Wednesday, October 7, 2009

Why Schwab sucks for Penny Stocks

So there were a couple of good plays today and I got in on none of them, why you ask? Well because they are what is called a hard to borrow stock (HTB). These stocks exist across all markets and are defined by Investopedia as: A list used by brokerages to indicate securities considered difficult or unavailable to borrow for short selling transactions.

Investopedia Says
Investopedia explains Hard-To-Borrow List
The hard-to-borrow list expedites short selling transactions. According to the SEC and NASD, securities not found on this list are assumed to be in sufficient quantity and available for short sales. Those stocks on the list are still available for short selling - however, brokerages and investors must take extra measures to search the stocks out and ensure their delivery before they are sold short.
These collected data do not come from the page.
lemma csubspace_diff: "csubspace R \<Longrightarrow> x \<in> R \<Longrightarrow> y \<in> R \<Longrightarrow> x - y \<in> R"
  unfolding csubspace_def by (metis diff_conv_add_uminus scaleC_minus_one)

lemma midpoint_parallelogram_bound:
  fixes y u v :: "'a::chilbert"
  assumes "0 \<le> d" and "d \<le> norm (y - scaleR (1/2) (u + v))"
  shows "(norm (u - v))\<^sup>2 \<le> 2 * (norm (y - u))\<^sup>2 + 2 * (norm (y - v))\<^sup>2 - 4 * d\<^sup>2"
proof -
  have "(y - u) + (y - v) = scaleR 2 (y - scaleR (1/2) (u + v))"
    by (simp add: algebra_simps scaleR_2)
  then have "2 * d \<le> norm ((y - u) + (y - v))"
    using assms(2) by simp
  then have "(2 * d)\<^sup>2 \<le> (norm ((y - u) + (y - v)))\<^sup>2"
    using assms(1) by (intro power_mono) auto
  moreover have "(y - v) - (y - u) = u - v" by simp
  ultimately show ?thesis
    using parallelogram_law[of "y - v" "y - u"] by (simp add: power_mult_distrib add.commute)
qed

lemma Cauchy_if_dist_le_sum_inverse:
  fixes r :: "nat \<Rightarrow> 'a::metric_space"
  assumes "\<And>m n. (dist (r m) (r n))\<^sup>2 \<le> 2 * inverse (real (Suc m)) + 2 * inverse (real (Suc n))"
  shows "Cauchy r"
proof (rule metric_CauchyI)
  fix e :: real assume e: "0 < e"
  obtain N :: nat where N: "4 / e\<^sup>2 < real (Suc N)"
    using reals_Archimedean2 by (metis less_Suc_eq of_nat_Suc add.commute less_add_one less_trans)
  then have eN: "4 * inverse (real (Suc N)) < e\<^sup>2"
    using e by (simp add: field_simps)
  have "dist (r m) (r n) < e" if "N \<le> m" "N \<le> n" for m n
  proof -
    have inv_le: "inverse (real (Suc k)) \<le> inverse (real (Suc N))" if "N \<le> k" for k
      using that by (simp add: le_imp_inverse_le)
    have "(dist (r m) (r n))\<^sup>2 < e\<^sup>2"
      using assms[of m n] eN inv_le[OF \<open>N \<le> m\<close>] inv_le[OF \<open>N \<le> n\<close>] by linarith
    then show ?thesis
      using e by (simp add: power_less_imp_less_base)
  qed
  then show "\<exists>M. \<forall>m\<ge>M. \<forall>n\<ge>M. dist (r m) (r n) < e" by blast
qed
(* For all $n \geq m \geq 1$, the image of the Haar probability measure on $U(n)$ under the map $\pi_{n,m}: U(n)\to U(m)$ is the Haar probability measure on $U(m)$.
   Context: Let $(e_k)$ be the canonical basis of $\ell^2$; identify $\mathbb{C}^n$ with the span of $e_1,\dots,e_n$ and $U(n)$ with the unitary operators fixing every $e_k$, $k>n$. For $n\ge m\ge1$ and $u\in U(n)$, $\pi_{n,m}(u)$ is the unique $v\in U(m)$ such that the range of $u-v$ is contained in $(u-\mathrm{Id})(\mathrm{span}\{e_k:k>m\})$ (existence and uniqueness are known; $\pi_{n,m}$ is Borel measurable). *)

theory Defs
  imports "HOL-Analysis.Analysis" "HOL-Probability.Probability"
begin

text \<open>Operators on l2 fixing all but finitely many basis vectors are represented by their
  matrices A :: nat => nat => complex w.r.t. the canonical basis; index k (0-based) stands
  for the basis vector e_(k+1). Thus C^n is the span of the indices 0..n-1.\<close>

type_synonym cmatrix = "nat \<Rightarrow> nat \<Rightarrow> complex"

definition idm :: cmatrix where
  "idm = (\<lambda>i j. if i = j then 1 else 0)"

text \<open>U(n): unitary operators fixing every e_k with k > n.\<close>
definition Unitary :: "nat \<Rightarrow> cmatrix set" where
  "Unitary n = {A. (\<forall>i j. (n \<le> i \<or> n \<le> j) \<longrightarrow> A i j = idm i j) \<and>
              (\<forall>i<n. \<forall>j<n. (\<Sum>k<n. cnj (A k i) * A k j) = idm i j)}"

definition mapply :: "nat \<Rightarrow> cmatrix \<Rightarrow> (nat \<Rightarrow> complex) \<Rightarrow> (nat \<Rightarrow> complex)" where
  "mapply n A x = (\<lambda>i. \<Sum>j<n. A i j * x j)"

definition mmul :: "nat \<Rightarrow> cmatrix \<Rightarrow> cmatrix \<Rightarrow> cmatrix" where
  "mmul n A B = (\<lambda>i j. if i < n \<and> j < n then (\<Sum>k<n. A i k * B k j) else idm i j)"

definition Un_borel :: "nat \<Rightarrow> cmatrix measure" where
  "Un_borel n = restrict_space borel (Unitary n)"

definition is_haar :: "nat \<Rightarrow> cmatrix measure \<Rightarrow> bool" where
  "is_haar n \<mu> \<longleftrightarrow> sets \<mu> = sets (Un_borel n) \<and> prob_space \<mu> \<and>
     (\<forall>g\<in>Unitary n. distr \<mu> (Un_borel n) (mmul n g) = \<mu>)"
definition star_time :: "(nat \<Rightarrow> real \<Rightarrow> real) \<Rightarrow> nat \<times> real \<Rightarrow> real" where
  "star_time X a = edge_time (X (fst a)) (snd a)"

lemma star_time_vertex [simp]: "star_time X star_vertex = 0"
  by (simp add: star_time_def star_vertex_def)

locale star_field =
  fixes K :: nat and X :: "nat \<Rightarrow> real \<Rightarrow> real" and p :: nat
  assumes edge_fields: "\<And>i. i < K \<Longrightarrow> nonsingular_edge_field (X i)"
    and p_less: "p < K" and X_p_pos: "0 < X p 0"
    and X_other_neg: "\<And>i. i < K \<Longrightarrow> i \<noteq> p \<Longrightarrow> X i 0 < 0"
begin

lemma star_time_pos_iff:
  assumes "a \<in> star_space K" "a \<noteq> star_vertex"
  shows "0 < star_time X a \<longleftrightarrow> fst a = p"
proof -
  have a: "fst a < K" "0 < snd a" "snd a < 1" using assms star_space_nonvertex star_space_snd by auto
  then have "0 < star_time X a \<longleftrightarrow> 0 < X (fst a) 0"
    unfolding star_time_def by (intro nonsingular_edge_field.edge_time_pos_iff edge_fields)
  also have "\<dots> \<longleftrightarrow> fst a = p" using X_p_pos X_other_neg[of "fst a"] a by (cases "fst a = p") auto
  finally show ?thesis .
qed

lemma star_time_nonzero:
  assumes "a \<in> star_space K" "a \<noteq> star_vertex"
  shows "star_time X a \<noteq> 0"
proof -
  have "fst a < K" "0 < snd a" "snd a < 1" using assms star_space_nonvertex star_space_snd by auto
  then show ?thesis
    unfolding star_time_def by (intro nonsingular_edge_field.edge_time_nonzero edge_fields)
qed

lemma star_time_inj:
  assumes a: "a \<in> star_space K" and b: "b \<in> star_space K" and eq: "star_time X a = star_time X b"
    and edge: "star_time X a < 0 \<Longrightarrow> fst a = fst b"
  shows "a = b"
proof (cases "a = star_vertex \<or> b = star_vertex")
  case True
  then show ?thesis using star_time_nonzero[OF a] star_time_nonzero[OF b] eq by (metis star_time_vertex)
next
  case False
  have "fst a = fst b"
    using edge star_time_pos_iff[OF a] star_time_pos_iff[OF b] star_time_nonzero[OF a] False eq
    by (cases "star_time X a < 0") auto
  moreover have "snd a = snd b"
  proof (rule nonsingular_edge_field.edge_time_inj)
    show "nonsingular_edge_field (X (fst a))" using star_space_nonvertex[OF a] False by (simp add: edge_fields)
    show "edge_time (X (fst a)) (snd a) = edge_time (X (fst a)) (snd b)"
      using eq \<open>fst a = fst b\<close> by (simp add: star_time_def)
  qed (use star_space_nonvertex[OF a] star_space_nonvertex[OF b] star_space_snd[OF a] star_space_snd[OF b] False in auto)
  ultimately show ?thesis by (simp add: prod_eq_iff)
qed

lemma star_time_tendsto_zero:
  assumes "((\<lambda>s. snd (u s)) \<longlongrightarrow> 0) F" "\<forall>\<^sub>F s in F. u s \<in> star_space K"
  shows "((\<lambda>s. star_time X (u s)) \<longlongrightarrow> 0) F"
proof (rule Lim_null_comparison)
  define M where "M y = (\<Sum>i<K. \<bar>edge_time (X i) y\<bar>)" for y
  have "isCont M 0"
    unfolding M_def[abs_def]
    by (intro continuous_intros nonsingular_edge_field.isCont_edge_time[OF edge_fields]) auto
  from isCont_tendsto_compose[OF this assms(1)]
  show "((\<lambda>s. M (snd (u s))) \<longlongrightarrow> 0) F" by (simp add: M_def)
  have bound: "norm (star_time X a) \<le> M (snd a)" if "a \<in> star_space K" for a
  proof (cases "a = star_vertex")
    case False
    then have "fst a \<in> {..<K}" using star_space_nonvertex[OF that] by simp
    then show ?thesis
      unfolding M_def star_time_def real_norm_def by (rule member_le_sum) auto
  qed (simp add: M_def star_time_def star_vertex_def)
  show "\<forall>\<^sub>F s in F. norm (star_time X (u s)) \<le> M (snd (u s))"
    using assms(2) by (rule eventually_mono) (rule bound)
qed

end

locale star_trajectory = star_field +
  fixes \<gamma> :: "real \<Rightarrow> nat \<times> real" and T :: real
  assumes solution: "star_solution K X \<gamma> T"
begin

lemma in_star_space: "t \<in> {0..<T} \<Longrightarrow> \<gamma> t \<in> star_space K"
  using solution by (simp add: star_solution_def)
Ok so hard to borrow stocks are out there and all brokers basically work from essentially the same list (though I have found that some brokers actually have stock and others don't), but Schwab sucks because they want you to spend a minimum of $100,000 to short sell a HTB stock. This puts a severe crimp in shorting penny stocks as most are HTB stocks and I as well as most individual investors don't have a $100k for a single transaction.

I funded my thinkorswim account and hopefully they are better about shorting HTB stocks (I have heard they are at least about minimums, even though they may not have them available). Plus they charge a flat 9.99 fee instead of Schwabs 12.95.